# ND Sucked Last Weekend!!!!!!!!!!



## Bandcollector02 (Oct 4, 2005)

My group and I hunted about 50 miles SW of Jamestown last weekend. It was the worst ND hunting I have ever seen. Yes, there were birds around in decent numbers, but they seemed to be all local birds. These birds were the most decoy shy I have ever seen. They would circle our spread a half dozen times and then leave (field and water). We changed our spread around a number of times with no success. We got the same complaints from the other hunters at the local watering hole. Conditions seemed to get better on Sat and Sun with snow flurries and strong NW winds. All that seemed to do was push the local birds out without bringing any new migrators in. I think the November hunting in ND should be good. Canada needs one hard arctic clipper to send a major push of birds to ND. Let me know how you boys do this weekend.
Happy Hunting :beer: 
Ted


----------



## goose0613 (Oct 24, 2003)

Ted,

We experienced the same sort of hunting conditions in Rugby. There sure were a lot of birds around. The landowners told us that most had been there for about 2 weeks. Good and bad because if you could find a field that hadn't been hunted yet, chances are the birds had been in it for a while and you could scrap a few. Otherwise, I'd say we had the most decoy shy birds I have ever seen in ND or anywhere for that matter. All you can do is get down to even the smallest detail in your decoy spread. Eliminate any 'bad' decoys and only put out the good ones. We still ended up with about 75 birds for 4 days of hunting. That is only shooting drakes of course. Only 1 hen for the trip was hit by a stray pellet  . Snows were tough to decoy as well as the Cacklers. The big Canadas were really really dumb. Hopefully we get some weather to move some new birds in before our next weekend in ND.


----------



## Goon (Apr 3, 2005)

The big boys aren't down yet this season and the local have had the crap pounded out of them.


----------



## buckseye (Dec 8, 2003)

Well Well... MN always sucks


----------



## ducguslayer (Sep 12, 2005)

I hear ya there. We were out on Wednesday in a cut corn field where there was a ton of geese and ducks landing the night before. We had like at least 8/9 dozen foots out in an awesome looking spread and the geese wanted none of it. They would circle our positiong numerous times then gone.


----------



## Goldy's Pal (Jan 6, 2004)

> Well Well... MN always sucks


99 times out of 100 I'd agree. Last weekend back home here we limited easily on Mallard and widgeon. All migrators. Big full colored birds and a banded drake mallard to boot. Vary rare to see that especially this early. For the first time in about 5 yrs. we had a better weekend of hunting than when we left ND. One weekend of birds in an area does not compare to Nodak by any means, but what the hell, I'll take it.  I suppose it will be back to reality this weekend and I'll be watching the gulls and cormy's but I'll be wearing those same socks and undies as last weekend. :lol:


----------



## Chris Schulz (Sep 7, 2004)

There was above average numbers of non resident hunters in that area. all of the locals that i talked to said that this was the largest number of hunters in years. I hunted there the same weekend as you also and yes the birds were extremely skidish. we did manage our birds but it was tough. It all depends on the year and what the weather is like. sorry for your misfortune next year might be better.


----------



## weedy0720 (Oct 17, 2005)

I somewhat agree with Bandcollector02. We hunted 15 mi south of Vally City last weekend. We did see a lot of Ducks but once the wind switch from the South on Thurs to strong N and NW winds Friday and Saturday, the birds took that opportunity to catch a "free ride" to warmer climes. Most of the birds we saw were not even in AAA range.

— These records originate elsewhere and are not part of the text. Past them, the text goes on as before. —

lemma card_fractional_le_if_basic_feasible_solution:
  fixes u :: "real^'m"
  assumes bfs: "basic_feasible_solution E (lp_ineqs k) u" and "finite E" and "card E \<le> e"
  shows "card {i. u $ i \<noteq> 0 \<and> u $ i \<noteq> 1} \<le> e + 1"
proof -
  define F where "F = {i. u $ i \<noteq> 0 \<and> u $ i \<noteq> 1}"
  define B :: "(real^'m) set" where "B = insert (\<chi> i. 1) ((\<lambda>i. axis i 1) ` (- F))"
  have "- F = {i. u $ i = 0 \<or> u $ i = 1}"
    by (auto simp: F_def)
  then have "{a. \<exists>b. (a, b) \<in> lp_ineqs k \<and> a \<bullet> u = b} \<subseteq> span B"
    using lp_ineqs_active_subset_span[of k u] by (simp add: B_def)
  also have "span B \<subseteq> span (fst ` E \<union> B)"
    by (rule span_mono) simp
  finally have "{a. \<exists>b. (a, b) \<in> E} \<union> {a. \<exists>b. (a, b) \<in> lp_ineqs k \<and> a \<bullet> u = b}
      \<subseteq> span (fst ` E \<union> B)"
    using span_superset[of "fst ` E \<union> B"] by force
  then have "UNIV \<subseteq> span (fst ` E \<union> B)"
    using bfs span_minimal[OF _ subspace_span] unfolding basic_feasible_solution_def by blast
  then have "dim (UNIV :: (real^'m) set) \<le> card (fst ` E \<union> B)"
    by (rule dim_le_card) (simp add: B_def \<open>finite E\<close>)
  then have "CARD('m) \<le> card (fst ` E \<union> B)"
    by simp
  also have "\<dots> \<le> card (fst ` E) + card B"
    by (rule card_Un_le)
  also have "\<dots> \<le> e + (card (- F) + 1)"
    using card_image_le[OF \<open>finite E\<close>, of fst] \<open>card E \<le> e\<close>
      card_image_le[of "- F" "\<lambda>i. axis i 1 :: real^'m"]
    by (intro add_mono) (auto simp: B_def card_insert_if)
  also have "card (- F) = CARD('m) - card F"
    by (simp add: Compl_eq_Diff_UNIV card_Diff_subset)
  finally show ?thesis
    using card_mono[of UNIV F] unfolding F_def by simp
qed

lemma
  fixes u v :: "real^'m"
  shows finite_lp_eqs: "finite (lp_eqs f \<gamma> r U \<sigma> V v u t)"
    and card_lp_eqs_le: "card (lp_eqs f \<gamma> r U \<sigma> V v u t) \<le> r + 1"
proof -
  define h where "h j = ((\<chi> i. \<sigma> j * V j $ i * v $ i), zstar \<sigma> V u v j)" for j
  define E\<^sub>0 :: "((real^'m) \<times> real) set"
    where "E\<^sub>0 = (if f (Ur_apply r U (zstar \<sigma> V u v)) = \<infinity> then {}
      else {((\<chi> i. \<gamma> / 2 * (v $ i)\<^sup>2),
             real_of_ereal t - real_of_ereal (f (Ur_apply r U (zstar \<sigma> V u v))))})"
  have "lp_eqs f \<gamma> r U \<sigma> V v u t = E\<^sub>0 \<union> h ` {..<r}"
    unfolding lp_eqs_def E\<^sub>0_def h_def by auto
  moreover have "finite E\<^sub>0" "card E\<^sub>0 \<le> 1"
    by (simp_all add: E\<^sub>0_def)
  ultimately show "finite (lp_eqs f \<gamma> r U \<sigma> V v u t)"
    and "card (lp_eqs f \<gamma> r U \<sigma> V v u t) \<le> r + 1"
    using card_Un_le[of E\<^sub>0 "h ` {..<r}"] card_image_le[of "{..<r}" h] by simp_all
qed

lemma svd_mult_Dg:
  assumes "X = (\<chi> i j. \<Sum>l<r. \<sigma> l * U l $ i * V l $ j)"
  shows "X *v Dg u v = Ur_apply r U (zstar \<sigma> V u v)"
proof -
  have "(X *v Dg u v) $ i = (\<Sum>j\<in>UNIV. \<Sum>l<r. \<sigma> l * U l $ i * V l $ j * Dg u v $ j)" for i
    by (simp add: assms matrix_vector_mult_def sum_distrib_right)
  also have "\<dots> i = (\<Sum>l<r. \<Sum>j\<in>UNIV. \<sigma> l * U l $ i * V l $ j * Dg u v $ j)" for i
    by (rule sum.swap)
  also have "\<dots> i = Ur_apply r U (zstar \<sigma> V u v) $ i" for i
    by (simp add: Ur_apply_def zstar_def inner_vec_def sum_distrib_left sum_component
        algebra_simps)
  finally show ?thesis
    by (simp add: vec_eq_iff)
qed

lemma zstar_eq_if_lp_eqs:
  assumes "\<forall>(a, b) \<in> lp_eqs f \<gamma> r U \<sigma> V v u t. a \<bullet> w = b" and "j < r"
  shows "zstar \<sigma> V w v j = zstar \<sigma> V u v j"
proof -
  have "((\<chi> i. \<sigma> j * V j $ i * v $ i), zstar \<sigma> V u v j) \<in> lp_eqs f \<gamma> r U \<sigma> V v u t"
    using \<open>j < r\<close> by (auto simp: lp_eqs_def)
  with assms(1) have "(\<chi> i. \<sigma> j * V j $ i * v $ i) \<bullet> w = zstar \<sigma> V u v j"
    by fastforce
  then show ?thesis
    by (simp add: zstar_def inner_vec_def Dg_def sum_distrib_left algebra_simps)
qed

lemma con_obj_Dg_le_relax_obj:
  fixes X :: "real^'m^'n" and u v w :: "real^'m"
  assumes svd: "X = (\<chi> i j. \<Sum>l<r. \<sigma> l * U l $ i * V l $ j)"
    and "\<gamma> \<ge> 0" and w_unit: "\<forall>i. 0 \<le> w $ i \<and> w $ i \<le> 1"
    and w_eqs: "\<forall>(a, b) \<in> lp_eqs f \<gamma> r U \<sigma> V v u (relax_obj f X \<gamma> v u). a \<bullet> w = b"
  shows "con_obj f X \<gamma> (Dg w v) \<le> relax_obj f X \<gamma> v u"
proof -
  define y where "y = Ur_apply r U (zstar \<sigma> V u v)"
  have "X *v Dg w v = y"
    using zstar_eq_if_lp_eqs[OF w_eqs] by (simp add: svd_mult_Dg[OF svd] y_def Ur_apply_def)
  moreover have "X *v Dg u v = y"
    by (simp add: svd_mult_Dg[OF svd] y_def)
  ultimately have
    con_obj_w: "con_obj f X \<gamma> (Dg w v) = f y + ereal (\<gamma> / 2 * (norm (Dg w v))\<^sup>2)"
    and relax_obj_u: "relax_obj f X \<gamma> v u = f y + ereal (\<gamma> / 2 * (v \<bullet> Dg u v))"
    by (simp_all add: con_obj_def relax_obj_def)
  consider "f y = \<infinity>" | "f y = - \<infinity>" | a where "f y = ereal a"
    by (cases "f y") auto
  then show ?thesis
  proof cases
    case (3 a)
    have "((\<chi> i. \<gamma> / 2 * (v $ i)\<^sup>2), \<gamma> / 2 * (v \<bullet> Dg u v))
        \<in> lp_eqs f \<gamma> r U \<sigma> V v u (relax_obj f X \<gamma> v u)"
      using 3 by (simp add: lp_eqs_def relax_obj_u y_def)
    with w_eqs have "(\<chi> i. \<gamma> / 2 * (v $ i)\<^sup>2) \<bullet> w = \<gamma> / 2 * (v \<bullet> Dg u v)"
      by fastforce
    moreover have "(\<chi> i. \<gamma> / 2 * (v $ i)\<^sup>2) \<bullet> w = \<gamma> / 2 * (v \<bullet> Dg w v)"
      by (simp add: inner_vec_def Dg_def sum_distrib_left power2_eq_square algebra_simps)
    moreover have "\<gamma> / 2 * (norm (Dg w v))\<^sup>2 \<le> \<gamma> / 2 * (v \<bullet> Dg w v)"
      using norm_Dg_squared_le[OF w_unit] \<open>\<gamma> \<ge> 0\<close> by (simp add: mult_left_mono)
    ultimately have "\<gamma> / 2 * (norm (Dg w v))\<^sup>2 \<le> \<gamma> / 2 * (v \<bullet> Dg u v)"
      by linarith
    then show ?thesis
      by (simp add: con_obj_w relax_obj_u 3)
  qed (simp_all add: con_obj_w relax_obj_u)
qed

Last weekend was my first every trip to ND Duck Hunting. I stopped Duck Hunting 5 years ago as, most of you are aware, MN has hit a low point with Ducks. I must tell you it was wonderful to get back out again. Nothing better than sitting in your blind, watching the sun rise, and hearing the "divers" flying overhead and Mach 5.


----------



## fishunt (Jan 24, 2004)

try three or four decoys 20 yards away from shore and they will come to u or figure it up where u set it up where the wind direction u will need to study the winds and set it up the decoys 24 or more decoys .... sometime I play around and threw three decoys and I got limited fast enough so good luck


----------



## chad lee (Oct 31, 2005)

wej slaughtered them for an average of 40 birds a day. they did not decoy well though you had to talk real sweet ot them to get them in. feed chuckles worked the best followed by a lonesome hen the laydown.

we killed mostly mallards.

you can see our picture at the spiritwater inn website on front page.


----------



## jewer3303 (Sep 15, 2005)

i had an awesome hunt, one the best i had ever had this weekend. I have never shot more greenheadsd in one weekend and they were always around, ther was never a minute that we didnt see birds. i cant wait tell those migraters get here though, its gonna be fun!


----------